Watch this autonomous Ford drive itself around a 32-acre model city
While Google's futuristic driverless pods are taking the limelight when it comes to autonomous motoring, Ford has been just as busy. And now it has release footage of its vehicles navigating around an artificial city without any human input.
Using a new Mondeo covered in cameras and sensors, Ford has demonstrated how its technology can drive a car around a city centre while obeying traffic lights, looking out for other drivers and pedestrians, and generally not crashing. Ford is the first car manufacturer to use Mcity, a new 32-acre test facility at the University of Michigan.
The video shows the car navigating itself around the mocked up city, obeying traffic lights and requiring no input from two developers sat inside.
By including real roads lined with artificial shop fronts, Mcity can be used as a safe but realistic environment for testing autonomous cars beyond the boundaries of what is possible, and legal, on public roads. Here, researchers can teach autonomous cars how to react in unusual circumstances, such as when other motorists drive through red lights.

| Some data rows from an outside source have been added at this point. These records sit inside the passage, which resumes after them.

(* Let $N\ge2$ and $0=x_0<x_1<\dots<x_N=1$, $I=[0,1]$, $I_i=[x_{i-1},x_i]$, $|I_i|=x_i-x_{i-1}$, $L_i(x)=x_{i-1}+|I_i|x$ for $i=1,\dots,N$. Let $\alpha_i,\beta_i,\gamma_i$ be reals with $|\alpha_i|<1$ and $|\beta_i|+|\gamma_i|<1$, let $p_i\in\mathrm{Lip}\,\lambda_i$ and $q_i\in\mathrm{Lip}\,\mu_i$ with $0<\lambda_i,\mu_i\le1$, and let $f_1,f_2:I\to\mathbb{R}$ be continuous with $f_1(L_i(x))=\alpha_if_1(x)+\beta_if_2(x)+p_i(x)$ and $f_2(L_i(x))=\gamma_if_2(x)+q_i(x)$ for all $x\in I$, $i=1,\dots,N$. Put $\lambda=\min_i\lambda_i$, $\mu=\min_i\mu_i$, $\Omega=\max_i |\alpha_i|/|I_i|^{\lambda}$, $\Gamma=\max_i|\gamma_i|/|I_i|^{\mu}$, $\Theta=\max_i|\alpha_i|/|I_i|^{\mu}$, and suppose $\Theta<1$. Then: (a) if $\Omega\ne1$ and $\Gamma\ne1$, there is $\delta\in(0,1]$ with $f_1\in\mathrm{Lip}\,\delta$; (b) if $\Omega=1$ or $\Gamma=1$, there is $\delta\in(0,1]$ with $\omega(f_1,t)=O(|t|^{\delta}\log|t|)$ as $t\to0$.
   Context: $\mathrm{Lip}\,\delta$ denotes the class of functions $g$ on $I$ such that $|g(x)-g(y)|\le C|x-y|^{\delta}$ for some constant $C$ and all $x,y\in I$. $\omega(f_1,t)=\sup\{|f_1(x)-f_1(y)|: x,y\in I,\ |x-y|\le |t|\}$ is the modulus of continuity. The function $f_1$ is the coalescence hidden variable fractal interpolation function (CHFIF): $(f_1,f_2)$ is the continuous function whose graph is the attractor of the IFS $\omega_i(x,y,z)=(L_i(x),\alpha_iy+\beta_iz+p_i(x),\gamma_iz+q_i(x))$. *)

theory Defs
  imports "HOL-Analysis.Analysis" "HOL-Library.Landau_Symbols"
begin

definition Lip_on_I :: "real \<Rightarrow> (real \<Rightarrow> real) \<Rightarrow> bool" where
  "Lip_on_I \<delta> g \<longleftrightarrow> (\<exists>C. \<forall>x\<in>{0..1}. \<forall>y\<in>{0..1}. \<bar>g x - g y\<bar> \<le> C * \<bar>x - y\<bar> powr \<delta>)"

definition modcont :: "(real \<Rightarrow> real) \<Rightarrow> real \<Rightarrow> real" where
  "modcont f t = Sup {\<bar>f x - f y\<bar> | x y. x \<in> {0..1} \<and> y \<in> {0..1} \<and> \<bar>x - y\<bar> \<le> \<bar>t\<bar>}"

end

theory Submission
  imports Defs
begin

(*
  A bounded solution f of f (L_i y) = a_i f y + g_i y on [0,1], with the g_i uniformly
  Hoelder of exponent d and |a_i| <= s |I_i|^d for some s < 1, is Hoelder of exponent d.
  For two points of a common interval I_i, the equation transfers a Hoelder bound with
  additive error e on [0,1] to one with error s e on I_i, so after n steps the trivial
  bound 2 sup |f| becomes a Hoelder bound up to the error 2 sup |f| s^n.  Pairs separated
  by a node x_j are estimated through f (x_j); the nodes are images of 0 and 1, the fixed
  points of L_1 and L_N, where the same iteration runs with a single map.

  Since |alpha_i| < 1 and |gamma_i| < 1, such an s exists for every small enough d, so
  first f_2 and then f_1 is Hoelder continuous.  This gives (a), and (b) as well because
  |t|^d <= |t|^d |ln |t|| near 0.
*)

lemma Lip_on_I_nonneg_const:
  assumes "Lip_on_I d g"
  shows "\<exists>C\<ge>0. \<forall>u\<in>{0..1}. \<forall>v\<in>{0..1}. \<bar>g u - g v\<bar> \<le> C * \<bar>u - v\<bar> powr d"
proof -
  obtain C where C: "\<forall>u\<in>{0..1}. \<forall>v\<in>{0..1}. \<bar>g u - g v\<bar> \<le> C * \<bar>u - v\<bar> powr d"
    using assms unfolding Lip_on_I_def by blast
  have "C \<ge> 0" using C[rule_format, of 0 1] by simp
  with C show ?thesis by blast
qed

lemma Lip_on_I_mono_exponent:
  assumes "Lip_on_I d g" "e \<le> d"
  shows "Lip_on_I e g"
proof -
  obtain C where "C \<ge> 0" and C: "\<forall>u\<in>{0..1}. \<forall>v\<in>{0..1}. \<bar>g u - g v\<bar> \<le> C * \<bar>u - v\<bar> powr d"
    using Lip_on_I_nonneg_const[OF assms(1)] by blast
  have "\<bar>g u - g v\<bar> \<le> C * \<bar>u - v\<bar> powr e" if "u \<in> {0..1}" "v \<in> {0..1}" for u v
  proof -
    have "\<bar>g u - g v\<bar> \<le> C * \<bar>u - v\<bar> powr d" using C that by blast
    also have "\<dots> \<le> C * \<bar>u - v\<bar> powr e"
      using that \<open>C \<ge> 0\<close> \<open>e \<le> d\<close> by (intro mult_left_mono powr_mono') auto
    finally show ?thesis .
  qed
  then show ?thesis unfolding Lip_on_I_def by blast
qed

Based on a hybrid Mondeo (sold as the Fusion in the US), the Ford research vehicle was first revealed in 2013 and has evolved to include cameras, radar, sensors and real-time 3D mapping to work out where it is and look out for obstacles and other vehicles.
At Mcity, Ford can also test the car on a variety of road surfaces, including concrete, asphalt, brick and dust. Also, manoeuvres on two, three and four-lane roads, ramps, roundabouts and tunnels can be carried out.
Ford says it is now in the "advanced engineering" stage of fully autonomous vehicle development, adding it is now faced with "creating sensing and computing technologies that are feasible for production while continuing to test and refine algorithms".
Ryan Eustice, an associate professor from University of Michigan, said: "The goal of Mcity is that we get a scaling factor. Every mile driven there can represent 10, 100 or 1,000 miles of on-road driving in terms of our ability to pack in the occurrences of difficult events."